AI-powered virtual escape room puzzles
TEXT_INPUT:Prompt the user to enter the theme or setting for the escape room.;;CHATGPT:Generate a storyline for the escape room based on the user's input from the previous step.;;HTTP_REQUEST:Fetch a list of riddles or puzzles related to the generated storyline.;;DALL_E:Generate a visual clue or puzzle image using DALL-E based on the storyline.;;DISPLAY_OUTPUT:Display the generated storyline, puzzles, and visual clues to the user in a user-friendly format.
Generative AI models such as LLMs and image generators can be ingeniously used to create AI-powered virtual escape room puzzles. These models can generate intricate storylines and complex clues, introducing an element of surprise and unpredictability to the game. For instance, using an LLM like ChatGPT, the AI can dynamically generate interactive detailed narratives and clues based on player’s actions and decisions. Simultaneously, image generators can create lifelike virtual environments to enhance immersion.
Moreover, these models can be used to create AI NPCs (Non-Player Characters) which can interact with players, providing hints or misdirection to intensify the challenge. Furthermore, OpenAI's generative models can continuously learn from player interactions, leading to better and more engaging game scenarios over time. Thus, these technologies promise a compelling, immersive, and adaptive player experience increasing the intrigue and appeal of AI-powered virtual escape rooms.
How to build with Clevis
This is an example of an application that you can build using Clevis, a tool used for creating AI-powered apps. The app, known as 'AI-powered Virtual Escape Room Puzzles', uses several steps to create an interactive storytelling and puzzle experience for users based on a chosen theme or setting.
To begin with, the app provides a Text Input step where users are prompted to input the desired theme of their virtual escape room. The chosen theme is then passed to ChatGPT, an AI model from OpenAI, which generates a unique storyline based on the input.
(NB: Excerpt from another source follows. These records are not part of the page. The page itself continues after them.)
lemma word_act_orthogonal:
  assumes "bform M v (root s) = 0" "bform M v (root t) = 0" "set z \<subseteq> {s, t}"
  shows "word_act M z v = v"
  using assms(3) by (induction z) (use assms(1,2) in \<open>auto simp: refl_act_def\<close>)

text \<open>For finite \<open>m\<close> the form is positive definite on the span of \<open>\<alpha>\<^sub>s, \<alpha>\<^sub>t\<close>, so every vector
  splits into a component in that span and one orthogonal to it.\<close>
lemma orthogonal_decomposition:
  assumes "s \<noteq> t" "M s t = enat m" "fin_supp v"
  obtains p q w where "fin_supp w" "bform M w (root s) = 0" "bform M w (root t) = 0"
    "v = (\<lambda>x. 1 * w x + 1 * (p * root s x + q * root t x))"
proof -
  let ?c = "coxeter_cos M s t"
  define d where "d = 1 - ?c * ?c"
  have c: "0 \<le> ?c" "?c < 1" using coxeter_cos_bounds[OF assms(1,2)] by auto
  then have "?c * ?c \<le> ?c" by (simp add: mult_left_le_one_le)
  then have d: "d > 0" using c unfolding d_def by linarith
  define a where "a = bform M v (root s)"
  define b where "b = bform M v (root t)"
  define r where "r = (\<lambda>x. (a + ?c * b) / (2 * d) * root s x + (b + ?c * a) / (2 * d) * root t x)"
  define w where "w = (\<lambda>x. 1 * v x + (-1) * r x)"
  have r: "fin_supp r" "bform M r (root s) = a" "bform M r (root t) = b"
  proof -
    show "fin_supp r" unfolding r_def by (rule fin_supp_lin) simp_all
    have "2 * ((a + ?c * b) / (2 * d)) - 2 * ?c * ((b + ?c * a) / (2 * d))
        = ((a + ?c * b) - ?c * (b + ?c * a)) / d"
      "2 * ((b + ?c * a) / (2 * d)) - 2 * ?c * ((a + ?c * b) / (2 * d))
        = ((b + ?c * a) - ?c * (a + ?c * b)) / d"
      using d by (simp_all add: field_simps)
    moreover have "(a + ?c * b) - ?c * (b + ?c * a) = a * d" "(b + ?c * a) - ?c * (a + ?c * b) = b * d"
      by (simp_all add: d_def algebra_simps)
    ultimately show "bform M r (root s) = a" "bform M r (root t) = b"
      using d unfolding r_def bform_root_pair[OF assms(1)] by simp_all
  qed
  have "fin_supp w" unfolding w_def using assms(3) r(1) by (rule fin_supp_lin)
  moreover have "bform M w (root s) = 0" "bform M w (root t) = 0"
    unfolding w_def bform_lin_root[OF assms(3) r(1)] r(2,3) a_def b_def by simp_all
  moreover have "v = (\<lambda>x. 1 * w x + 1 * r x)" by (simp add: w_def)
  ultimately show thesis
    using that unfolding r_def by blast
qed

lemma word_act_braid:
  assumes "s \<noteq> t" "M s t = enat m" "fin_supp v"
  shows "word_act M (alt_R t s m) v = word_act M (alt_R s t m) v"
proof -
  obtain p q w where w: "fin_supp w" "bform M w (root s) = 0" "bform M w (root t) = 0"
    and v: "v = (\<lambda>x. 1 * w x + 1 * (p * root s x + q * root t x))"
    using orthogonal_decomposition[OF assms] .
  have "word_act M (alt_R t s m) (root t) = word_act M (alt_R s t m) (root t)"
    using word_act_braid_root[of t s m] assms(1,2) order_sym by metis
  then have "word_act M z v = (\<lambda>x. w x + (p * word_act M z (root s) x + q * word_act M z (root t) x))"
    if "z = alt_R t s m \<or> z = alt_R s t m" for z
    using that set_alt_R[of s t m] set_alt_R[of t s m] word_act_orthogonal[OF w(2,3)]
    unfolding v word_act_lin[OF w(1) fin_supp_lin[OF fin_supp_root fin_supp_root]]
      word_act_lin[OF fin_supp_root fin_supp_root]
    by (auto simp: insert_commute)
  then show ?thesis
    using word_act_braid_root[OF assms(1,2)] word_act_braid_root[of t s m] assms(1,2) order_sym
    by (metis)
qed

lemma word_act_cox_eq: "cox_eq M x y \<Longrightarrow> fin_supp v \<Longrightarrow> word_act M x v = word_act M y v"
proof (induction rule: cox_eq.induct)
  case (cox_braid s t k p q)
  then show ?case using word_act_braid[OF cox_braid(1,2), of "word_act M q v"] by simp
qed (auto simp: refl_act_refl_act)

end

section \<open>Length and parabolic factorizations\<close>

definition cox_length :: "('a \<Rightarrow> 'a \<Rightarrow> enat) \<Rightarrow> 'a list \<Rightarrow> nat" where
  "cox_length M w = (LEAST n. \<exists>y. cox_eq M y w \<and> length y = n)"

definition parabolic_length :: "('a \<Rightarrow> 'a \<Rightarrow> enat) \<Rightarrow> 'a set \<Rightarrow> 'a list \<Rightarrow> nat" where
  "parabolic_length M I w = (LEAST n. \<exists>y. set y \<subseteq> I \<and> cox_eq M y w \<and> length y = n)"

lemma cox_length_witness:
  obtains y where "cox_eq M y w" "length y = cox_length M w"
proof -
  have "\<exists>y. cox_eq M y w \<and> length y = cox_length M w"
    unfolding cox_length_def by (rule LeastI_ex) (use cox_refl in blast)
  then show thesis using that by blast
qed

lemma cox_length_le: "cox_eq M y w \<Longrightarrow> cox_length M w \<le> length y"
  unfolding cox_length_def by (rule Least_le) blast

lemma cox_length_cox_eq: "cox_eq M a b \<Longrightarrow> cox_length M a = cox_length M b"
proof -
  assume ab: "cox_eq M a b"
  obtain y where y: "cox_eq M y a" "length y = cox_length M a" by (rule cox_length_witness)
  obtain z where z: "cox_eq M z b" "length z = cox_length M b" by (rule cox_length_witness)
  have "cox_length M b \<le> cox_length M a"
    using cox_length_le[of M y b] y ab by (auto intro: cox_trans)
  moreover have "cox_length M a \<le> cox_length M b"
    using cox_length_le[of M z a] z ab by (auto intro: cox_trans cox_sym)
  ultimately show ?thesis by simp
qed

lemma cox_length_append_le: "cox_eq M y' y \<Longrightarrow> cox_length M (v @ y) \<le> cox_length M v + length y'"
proof -
  assume y: "cox_eq M y' y"
  obtain v' where v': "cox_eq M v' v" "length v' = cox_length M v" by (rule cox_length_witness)
  show ?thesis
    using cox_length_le[OF cox_eq_append[OF v'(1) y]] v'(2) by simp
qed

lemma cox_length_eq_0: "cox_length M w = 0 \<Longrightarrow> cox_eq M [] w"
  by (metis cox_length_witness length_0_conv)

lemma reduced_word_snoc:
  assumes "0 < cox_length M w"
  obtains w1 r where "cox_eq M (w1 @ [r]) w" "Suc (length w1) = cox_length M w"
proof -
  obtain w0 where w0: "cox_eq M w0 w" "length w0 = cox_length M w" by (rule cox_length_witness)
  then have "w0 = butlast w0 @ [last w0]" using assms by (metis append_butlast_last_id list.size(3) less_irrefl)
  then show thesis
    using that[of "butlast w0" "last w0"] w0 assms by simp
qed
In the Http Request step, the app fetches a list of related riddles or puzzles that align with the generated storyline. Simultaneously, DALL·E, another AI model from OpenAI, is used to create a DALL·E step that creates a visual clue or puzzle image fitting the storyline.
Finally, the Display Output step takes the results of all the previous procedures and presents them to the user. The generated storyline, puzzles, and visual clues are displayed in an engaging and user-friendly format.
This scenario exhibits the potential of Clevis to create diversified and engaging apps. Just as this example, more immersive and interactive applications can be crafted within the same domain using the Clevis tool.